__Try it__:
Word for word, set down every line of the entries below from the line with "a c \<longleftrightarrow>" to the line with "constr set \<Rightarrow> nat", including both, and no other line.

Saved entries
● ● ● ● ● ● ●
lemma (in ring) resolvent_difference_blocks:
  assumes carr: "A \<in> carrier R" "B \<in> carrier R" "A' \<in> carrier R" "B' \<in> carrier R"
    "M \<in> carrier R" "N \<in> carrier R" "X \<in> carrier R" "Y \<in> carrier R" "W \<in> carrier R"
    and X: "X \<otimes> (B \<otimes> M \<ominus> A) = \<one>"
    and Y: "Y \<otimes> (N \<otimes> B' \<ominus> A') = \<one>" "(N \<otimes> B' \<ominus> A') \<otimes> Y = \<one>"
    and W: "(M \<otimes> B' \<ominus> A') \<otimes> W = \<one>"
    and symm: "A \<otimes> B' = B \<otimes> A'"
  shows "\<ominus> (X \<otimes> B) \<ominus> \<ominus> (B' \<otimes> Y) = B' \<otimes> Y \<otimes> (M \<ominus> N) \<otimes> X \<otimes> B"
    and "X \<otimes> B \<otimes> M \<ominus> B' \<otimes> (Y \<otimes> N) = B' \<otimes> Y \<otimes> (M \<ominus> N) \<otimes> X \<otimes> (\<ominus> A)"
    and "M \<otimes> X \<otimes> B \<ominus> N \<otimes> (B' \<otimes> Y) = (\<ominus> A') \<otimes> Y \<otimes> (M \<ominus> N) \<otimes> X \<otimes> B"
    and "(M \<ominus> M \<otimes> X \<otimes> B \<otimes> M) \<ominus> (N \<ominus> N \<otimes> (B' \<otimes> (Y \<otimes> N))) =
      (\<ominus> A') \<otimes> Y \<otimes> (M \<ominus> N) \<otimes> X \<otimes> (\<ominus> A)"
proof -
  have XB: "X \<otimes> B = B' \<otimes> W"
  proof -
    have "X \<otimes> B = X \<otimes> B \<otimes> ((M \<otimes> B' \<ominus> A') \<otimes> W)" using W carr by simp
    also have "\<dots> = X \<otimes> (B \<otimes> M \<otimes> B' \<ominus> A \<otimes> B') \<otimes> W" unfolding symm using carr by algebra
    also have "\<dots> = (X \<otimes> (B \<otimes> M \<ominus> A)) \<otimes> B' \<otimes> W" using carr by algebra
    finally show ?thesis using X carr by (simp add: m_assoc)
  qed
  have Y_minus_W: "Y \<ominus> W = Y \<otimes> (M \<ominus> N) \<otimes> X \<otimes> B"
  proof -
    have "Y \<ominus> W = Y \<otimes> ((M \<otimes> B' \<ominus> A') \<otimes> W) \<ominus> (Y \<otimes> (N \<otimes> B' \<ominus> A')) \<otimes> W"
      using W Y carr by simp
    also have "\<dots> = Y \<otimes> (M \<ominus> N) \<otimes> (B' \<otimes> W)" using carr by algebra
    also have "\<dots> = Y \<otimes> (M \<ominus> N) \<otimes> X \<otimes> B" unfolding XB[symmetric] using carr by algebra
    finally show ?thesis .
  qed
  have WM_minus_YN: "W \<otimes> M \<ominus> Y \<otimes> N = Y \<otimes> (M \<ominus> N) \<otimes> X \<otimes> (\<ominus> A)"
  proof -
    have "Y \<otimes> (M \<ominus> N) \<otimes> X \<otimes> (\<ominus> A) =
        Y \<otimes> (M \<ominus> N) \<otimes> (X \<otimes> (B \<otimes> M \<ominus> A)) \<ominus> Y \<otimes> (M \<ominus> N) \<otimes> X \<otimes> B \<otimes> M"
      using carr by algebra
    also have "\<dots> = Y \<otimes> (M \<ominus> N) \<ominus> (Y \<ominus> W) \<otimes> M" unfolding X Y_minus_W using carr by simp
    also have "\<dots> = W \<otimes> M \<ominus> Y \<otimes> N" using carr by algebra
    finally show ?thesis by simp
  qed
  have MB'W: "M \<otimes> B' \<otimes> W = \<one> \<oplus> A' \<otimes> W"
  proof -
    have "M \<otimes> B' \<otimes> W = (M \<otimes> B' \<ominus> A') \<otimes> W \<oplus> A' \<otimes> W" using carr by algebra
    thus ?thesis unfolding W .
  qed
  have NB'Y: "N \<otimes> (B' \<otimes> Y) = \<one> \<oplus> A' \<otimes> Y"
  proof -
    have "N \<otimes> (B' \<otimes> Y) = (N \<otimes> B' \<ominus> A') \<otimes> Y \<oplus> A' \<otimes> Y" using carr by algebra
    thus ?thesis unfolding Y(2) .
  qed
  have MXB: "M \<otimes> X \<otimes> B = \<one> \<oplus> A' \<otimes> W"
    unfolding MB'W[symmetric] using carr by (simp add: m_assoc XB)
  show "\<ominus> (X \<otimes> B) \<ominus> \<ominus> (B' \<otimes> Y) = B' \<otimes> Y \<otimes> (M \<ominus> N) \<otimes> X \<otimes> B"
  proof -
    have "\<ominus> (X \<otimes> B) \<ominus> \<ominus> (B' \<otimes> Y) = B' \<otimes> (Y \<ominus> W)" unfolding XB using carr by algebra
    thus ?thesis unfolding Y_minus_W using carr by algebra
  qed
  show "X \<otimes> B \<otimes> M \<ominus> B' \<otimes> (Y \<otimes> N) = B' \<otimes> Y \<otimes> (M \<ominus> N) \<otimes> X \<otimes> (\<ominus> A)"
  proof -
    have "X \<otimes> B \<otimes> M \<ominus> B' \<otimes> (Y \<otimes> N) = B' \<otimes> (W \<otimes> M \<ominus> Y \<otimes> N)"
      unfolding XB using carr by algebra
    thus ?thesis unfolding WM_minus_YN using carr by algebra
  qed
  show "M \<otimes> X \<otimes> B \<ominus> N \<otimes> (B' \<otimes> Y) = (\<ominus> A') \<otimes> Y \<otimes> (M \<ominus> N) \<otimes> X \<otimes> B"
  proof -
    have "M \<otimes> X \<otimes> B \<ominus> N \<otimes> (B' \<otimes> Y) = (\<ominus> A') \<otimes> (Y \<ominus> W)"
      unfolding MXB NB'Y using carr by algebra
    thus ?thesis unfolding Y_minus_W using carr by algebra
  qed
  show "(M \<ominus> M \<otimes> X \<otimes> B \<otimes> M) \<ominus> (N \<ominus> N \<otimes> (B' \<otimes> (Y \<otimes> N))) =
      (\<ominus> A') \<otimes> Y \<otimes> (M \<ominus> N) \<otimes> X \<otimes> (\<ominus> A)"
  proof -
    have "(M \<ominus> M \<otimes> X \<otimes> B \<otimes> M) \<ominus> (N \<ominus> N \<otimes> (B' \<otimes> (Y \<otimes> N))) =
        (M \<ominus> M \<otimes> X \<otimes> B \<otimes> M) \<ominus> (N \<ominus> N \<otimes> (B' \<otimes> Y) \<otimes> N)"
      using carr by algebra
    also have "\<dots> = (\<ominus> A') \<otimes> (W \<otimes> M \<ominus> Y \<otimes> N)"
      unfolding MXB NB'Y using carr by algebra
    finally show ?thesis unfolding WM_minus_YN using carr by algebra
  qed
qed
● ● ● ● ● ● ●
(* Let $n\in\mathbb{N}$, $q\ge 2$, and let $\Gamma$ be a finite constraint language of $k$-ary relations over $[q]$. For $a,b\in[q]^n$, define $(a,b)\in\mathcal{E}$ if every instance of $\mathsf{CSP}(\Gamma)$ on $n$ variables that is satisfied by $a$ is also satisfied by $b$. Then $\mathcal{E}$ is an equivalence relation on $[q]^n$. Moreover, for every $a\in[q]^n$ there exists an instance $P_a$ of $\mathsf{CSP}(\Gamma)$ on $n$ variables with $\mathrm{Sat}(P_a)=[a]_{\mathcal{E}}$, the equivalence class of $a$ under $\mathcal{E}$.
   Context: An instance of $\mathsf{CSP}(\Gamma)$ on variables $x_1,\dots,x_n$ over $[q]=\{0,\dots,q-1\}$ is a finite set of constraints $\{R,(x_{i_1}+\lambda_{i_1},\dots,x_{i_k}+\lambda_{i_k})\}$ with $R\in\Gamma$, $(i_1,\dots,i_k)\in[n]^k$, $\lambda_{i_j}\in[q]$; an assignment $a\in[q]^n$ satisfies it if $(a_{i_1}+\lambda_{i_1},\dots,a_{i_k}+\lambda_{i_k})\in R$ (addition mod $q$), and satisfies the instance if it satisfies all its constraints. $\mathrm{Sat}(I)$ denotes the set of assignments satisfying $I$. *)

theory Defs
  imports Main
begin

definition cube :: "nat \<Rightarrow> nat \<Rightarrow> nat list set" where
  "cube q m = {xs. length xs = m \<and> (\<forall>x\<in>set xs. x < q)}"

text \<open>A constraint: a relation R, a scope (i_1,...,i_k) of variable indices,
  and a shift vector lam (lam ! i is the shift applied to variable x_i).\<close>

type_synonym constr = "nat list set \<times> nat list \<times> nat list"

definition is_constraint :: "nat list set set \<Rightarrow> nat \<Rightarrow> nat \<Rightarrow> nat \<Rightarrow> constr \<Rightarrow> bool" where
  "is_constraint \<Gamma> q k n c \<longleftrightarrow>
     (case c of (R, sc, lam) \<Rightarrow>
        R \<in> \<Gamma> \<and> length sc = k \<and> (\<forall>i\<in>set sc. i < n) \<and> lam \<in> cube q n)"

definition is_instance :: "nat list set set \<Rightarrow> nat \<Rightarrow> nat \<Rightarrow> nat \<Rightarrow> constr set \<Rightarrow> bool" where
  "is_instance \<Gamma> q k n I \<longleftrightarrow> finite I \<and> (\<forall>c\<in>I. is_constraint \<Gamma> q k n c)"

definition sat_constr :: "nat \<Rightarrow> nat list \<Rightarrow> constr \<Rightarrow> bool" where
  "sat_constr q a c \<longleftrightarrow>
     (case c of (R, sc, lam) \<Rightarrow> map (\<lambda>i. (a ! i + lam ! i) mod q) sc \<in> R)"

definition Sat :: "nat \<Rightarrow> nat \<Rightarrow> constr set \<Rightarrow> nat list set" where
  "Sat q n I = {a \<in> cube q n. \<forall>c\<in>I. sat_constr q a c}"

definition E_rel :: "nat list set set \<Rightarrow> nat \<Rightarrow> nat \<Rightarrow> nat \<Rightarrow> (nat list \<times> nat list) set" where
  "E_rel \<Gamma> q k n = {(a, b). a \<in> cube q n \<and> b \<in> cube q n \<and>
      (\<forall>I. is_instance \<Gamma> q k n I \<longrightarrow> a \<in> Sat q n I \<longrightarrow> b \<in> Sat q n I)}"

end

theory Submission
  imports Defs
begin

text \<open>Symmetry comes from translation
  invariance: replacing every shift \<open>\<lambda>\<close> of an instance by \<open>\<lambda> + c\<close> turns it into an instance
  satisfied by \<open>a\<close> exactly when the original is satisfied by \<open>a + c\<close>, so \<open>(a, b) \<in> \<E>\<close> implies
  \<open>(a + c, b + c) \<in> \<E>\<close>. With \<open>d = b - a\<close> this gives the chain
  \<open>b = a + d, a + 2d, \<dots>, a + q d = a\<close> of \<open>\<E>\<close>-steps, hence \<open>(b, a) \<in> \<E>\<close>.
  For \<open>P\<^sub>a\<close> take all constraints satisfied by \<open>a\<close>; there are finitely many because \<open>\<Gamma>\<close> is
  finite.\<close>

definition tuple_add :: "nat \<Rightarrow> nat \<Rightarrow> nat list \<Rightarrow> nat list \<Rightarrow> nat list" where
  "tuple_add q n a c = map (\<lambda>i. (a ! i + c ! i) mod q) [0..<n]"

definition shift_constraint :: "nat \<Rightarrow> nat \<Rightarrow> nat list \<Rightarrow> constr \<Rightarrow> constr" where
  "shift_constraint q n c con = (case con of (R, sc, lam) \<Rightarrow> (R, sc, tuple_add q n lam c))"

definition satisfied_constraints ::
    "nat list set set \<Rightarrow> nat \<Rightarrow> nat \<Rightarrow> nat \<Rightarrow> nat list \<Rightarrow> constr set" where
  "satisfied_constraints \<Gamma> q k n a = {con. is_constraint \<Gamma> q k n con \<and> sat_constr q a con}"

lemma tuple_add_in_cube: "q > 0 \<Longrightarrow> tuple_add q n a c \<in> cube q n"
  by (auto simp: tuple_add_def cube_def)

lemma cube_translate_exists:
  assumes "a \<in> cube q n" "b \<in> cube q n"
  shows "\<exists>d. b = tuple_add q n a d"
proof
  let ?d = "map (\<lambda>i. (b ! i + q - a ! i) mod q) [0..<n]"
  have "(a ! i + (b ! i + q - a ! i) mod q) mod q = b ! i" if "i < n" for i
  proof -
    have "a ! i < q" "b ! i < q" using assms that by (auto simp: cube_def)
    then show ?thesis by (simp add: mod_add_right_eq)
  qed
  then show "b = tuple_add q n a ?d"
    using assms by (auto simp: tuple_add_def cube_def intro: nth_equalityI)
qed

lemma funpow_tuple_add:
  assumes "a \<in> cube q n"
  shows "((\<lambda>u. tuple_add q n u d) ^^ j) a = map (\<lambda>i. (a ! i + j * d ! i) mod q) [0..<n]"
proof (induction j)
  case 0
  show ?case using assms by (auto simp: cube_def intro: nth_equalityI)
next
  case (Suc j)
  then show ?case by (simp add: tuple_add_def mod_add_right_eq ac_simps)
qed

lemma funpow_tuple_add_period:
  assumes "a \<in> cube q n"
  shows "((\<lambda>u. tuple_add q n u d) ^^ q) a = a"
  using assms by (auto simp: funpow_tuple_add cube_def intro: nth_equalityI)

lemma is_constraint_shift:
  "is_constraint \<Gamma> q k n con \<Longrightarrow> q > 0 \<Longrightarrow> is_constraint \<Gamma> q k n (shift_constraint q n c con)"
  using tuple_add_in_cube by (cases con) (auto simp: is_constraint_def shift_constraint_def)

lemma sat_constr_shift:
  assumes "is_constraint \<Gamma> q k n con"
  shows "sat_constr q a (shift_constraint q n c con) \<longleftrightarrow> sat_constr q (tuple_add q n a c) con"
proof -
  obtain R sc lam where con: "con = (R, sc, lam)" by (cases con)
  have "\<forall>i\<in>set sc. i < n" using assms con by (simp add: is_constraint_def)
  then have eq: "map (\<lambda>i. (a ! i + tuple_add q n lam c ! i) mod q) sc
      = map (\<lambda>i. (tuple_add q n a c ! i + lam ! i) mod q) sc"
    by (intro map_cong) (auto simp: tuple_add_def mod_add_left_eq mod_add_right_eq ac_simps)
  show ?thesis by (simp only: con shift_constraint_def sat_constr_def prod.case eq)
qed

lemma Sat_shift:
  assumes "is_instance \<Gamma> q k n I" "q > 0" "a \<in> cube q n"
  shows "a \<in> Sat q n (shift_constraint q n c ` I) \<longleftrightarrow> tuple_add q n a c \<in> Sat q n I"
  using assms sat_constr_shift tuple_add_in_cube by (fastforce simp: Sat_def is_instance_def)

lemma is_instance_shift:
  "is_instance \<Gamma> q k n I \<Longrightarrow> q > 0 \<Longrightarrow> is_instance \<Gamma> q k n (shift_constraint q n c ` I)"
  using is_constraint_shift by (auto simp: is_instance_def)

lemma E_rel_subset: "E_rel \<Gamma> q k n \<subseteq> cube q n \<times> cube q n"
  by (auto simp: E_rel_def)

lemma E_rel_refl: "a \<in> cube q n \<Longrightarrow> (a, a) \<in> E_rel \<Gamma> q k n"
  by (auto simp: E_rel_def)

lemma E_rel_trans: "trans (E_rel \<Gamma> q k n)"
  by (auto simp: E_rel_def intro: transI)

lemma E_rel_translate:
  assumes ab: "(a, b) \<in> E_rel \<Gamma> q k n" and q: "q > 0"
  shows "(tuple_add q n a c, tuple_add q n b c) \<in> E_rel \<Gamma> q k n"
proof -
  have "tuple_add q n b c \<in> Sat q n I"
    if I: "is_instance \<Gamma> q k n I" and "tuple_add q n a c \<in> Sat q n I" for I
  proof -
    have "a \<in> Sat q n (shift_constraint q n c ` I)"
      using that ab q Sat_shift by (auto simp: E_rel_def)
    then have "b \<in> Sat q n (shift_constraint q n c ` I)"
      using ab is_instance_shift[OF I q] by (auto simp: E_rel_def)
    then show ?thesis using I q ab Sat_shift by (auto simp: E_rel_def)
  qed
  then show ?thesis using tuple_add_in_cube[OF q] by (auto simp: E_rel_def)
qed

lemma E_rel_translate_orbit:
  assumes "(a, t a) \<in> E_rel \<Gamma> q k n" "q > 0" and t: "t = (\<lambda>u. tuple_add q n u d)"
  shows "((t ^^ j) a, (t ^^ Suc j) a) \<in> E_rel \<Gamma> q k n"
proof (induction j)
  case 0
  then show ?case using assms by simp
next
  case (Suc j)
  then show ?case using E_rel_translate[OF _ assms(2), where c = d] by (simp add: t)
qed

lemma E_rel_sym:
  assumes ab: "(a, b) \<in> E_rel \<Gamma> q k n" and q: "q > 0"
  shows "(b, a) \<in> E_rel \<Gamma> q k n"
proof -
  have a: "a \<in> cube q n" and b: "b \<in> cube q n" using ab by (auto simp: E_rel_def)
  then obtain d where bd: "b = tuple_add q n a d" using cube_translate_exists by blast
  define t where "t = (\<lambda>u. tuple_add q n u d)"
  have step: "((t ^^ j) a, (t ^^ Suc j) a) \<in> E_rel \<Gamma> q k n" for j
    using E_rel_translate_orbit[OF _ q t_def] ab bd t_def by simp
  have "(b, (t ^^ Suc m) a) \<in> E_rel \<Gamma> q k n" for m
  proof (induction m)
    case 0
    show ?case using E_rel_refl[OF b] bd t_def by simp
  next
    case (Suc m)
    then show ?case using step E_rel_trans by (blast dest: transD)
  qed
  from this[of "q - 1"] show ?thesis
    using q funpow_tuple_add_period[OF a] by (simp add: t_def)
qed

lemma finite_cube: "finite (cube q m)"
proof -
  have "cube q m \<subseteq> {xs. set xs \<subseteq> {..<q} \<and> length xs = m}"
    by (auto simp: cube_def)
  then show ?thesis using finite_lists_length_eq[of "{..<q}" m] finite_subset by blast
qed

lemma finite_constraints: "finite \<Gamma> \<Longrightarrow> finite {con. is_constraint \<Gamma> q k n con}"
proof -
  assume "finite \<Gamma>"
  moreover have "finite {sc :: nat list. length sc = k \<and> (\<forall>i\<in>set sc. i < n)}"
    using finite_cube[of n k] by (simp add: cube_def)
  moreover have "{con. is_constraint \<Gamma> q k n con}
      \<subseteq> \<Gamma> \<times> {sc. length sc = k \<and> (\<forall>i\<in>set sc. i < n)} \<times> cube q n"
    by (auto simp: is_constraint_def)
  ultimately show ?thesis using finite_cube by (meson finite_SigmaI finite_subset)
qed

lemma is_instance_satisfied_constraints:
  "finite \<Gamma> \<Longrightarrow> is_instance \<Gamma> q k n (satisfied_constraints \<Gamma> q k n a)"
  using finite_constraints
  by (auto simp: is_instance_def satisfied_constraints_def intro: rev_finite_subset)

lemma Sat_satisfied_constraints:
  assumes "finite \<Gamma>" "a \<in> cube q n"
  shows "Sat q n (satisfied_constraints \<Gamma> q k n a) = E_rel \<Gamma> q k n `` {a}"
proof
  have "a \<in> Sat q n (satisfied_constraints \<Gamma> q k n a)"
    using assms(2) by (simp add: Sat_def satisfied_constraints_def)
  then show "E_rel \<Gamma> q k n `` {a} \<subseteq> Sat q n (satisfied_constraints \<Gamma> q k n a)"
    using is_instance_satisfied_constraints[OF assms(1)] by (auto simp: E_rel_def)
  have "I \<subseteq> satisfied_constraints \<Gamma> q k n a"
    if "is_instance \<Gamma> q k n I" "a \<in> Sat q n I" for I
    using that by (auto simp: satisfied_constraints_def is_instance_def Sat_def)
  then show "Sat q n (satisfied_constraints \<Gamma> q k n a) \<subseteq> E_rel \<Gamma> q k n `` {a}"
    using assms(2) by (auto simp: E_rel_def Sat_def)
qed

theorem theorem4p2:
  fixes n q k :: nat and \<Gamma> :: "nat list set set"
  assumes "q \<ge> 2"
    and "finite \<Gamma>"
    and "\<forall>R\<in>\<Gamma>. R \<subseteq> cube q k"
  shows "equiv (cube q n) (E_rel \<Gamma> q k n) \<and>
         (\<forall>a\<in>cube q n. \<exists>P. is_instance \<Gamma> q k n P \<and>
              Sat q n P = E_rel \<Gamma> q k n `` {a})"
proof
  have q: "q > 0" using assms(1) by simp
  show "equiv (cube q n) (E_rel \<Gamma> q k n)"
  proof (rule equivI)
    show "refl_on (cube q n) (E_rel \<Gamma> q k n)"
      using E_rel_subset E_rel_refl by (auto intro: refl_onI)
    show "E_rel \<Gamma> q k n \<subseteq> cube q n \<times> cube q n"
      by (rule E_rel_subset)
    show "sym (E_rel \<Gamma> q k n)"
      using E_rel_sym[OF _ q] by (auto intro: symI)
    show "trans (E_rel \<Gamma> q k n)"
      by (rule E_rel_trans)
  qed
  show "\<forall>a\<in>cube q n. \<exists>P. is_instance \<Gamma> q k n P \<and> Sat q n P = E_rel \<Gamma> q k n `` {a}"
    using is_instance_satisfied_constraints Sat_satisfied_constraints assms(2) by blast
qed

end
● ● ● ● ● ● ●
__Exercise result__:
  "sat_constr q a c \<longleftrightarrow>
     (case c of (R, sc, lam) \<Rightarrow> map (\<lambda>i. (a ! i + lam ! i) mod q) sc \<in> R)"

definition Sat :: "nat \<Rightarrow> nat \<Rightarrow> constr set \<Rightarrow> nat list set" where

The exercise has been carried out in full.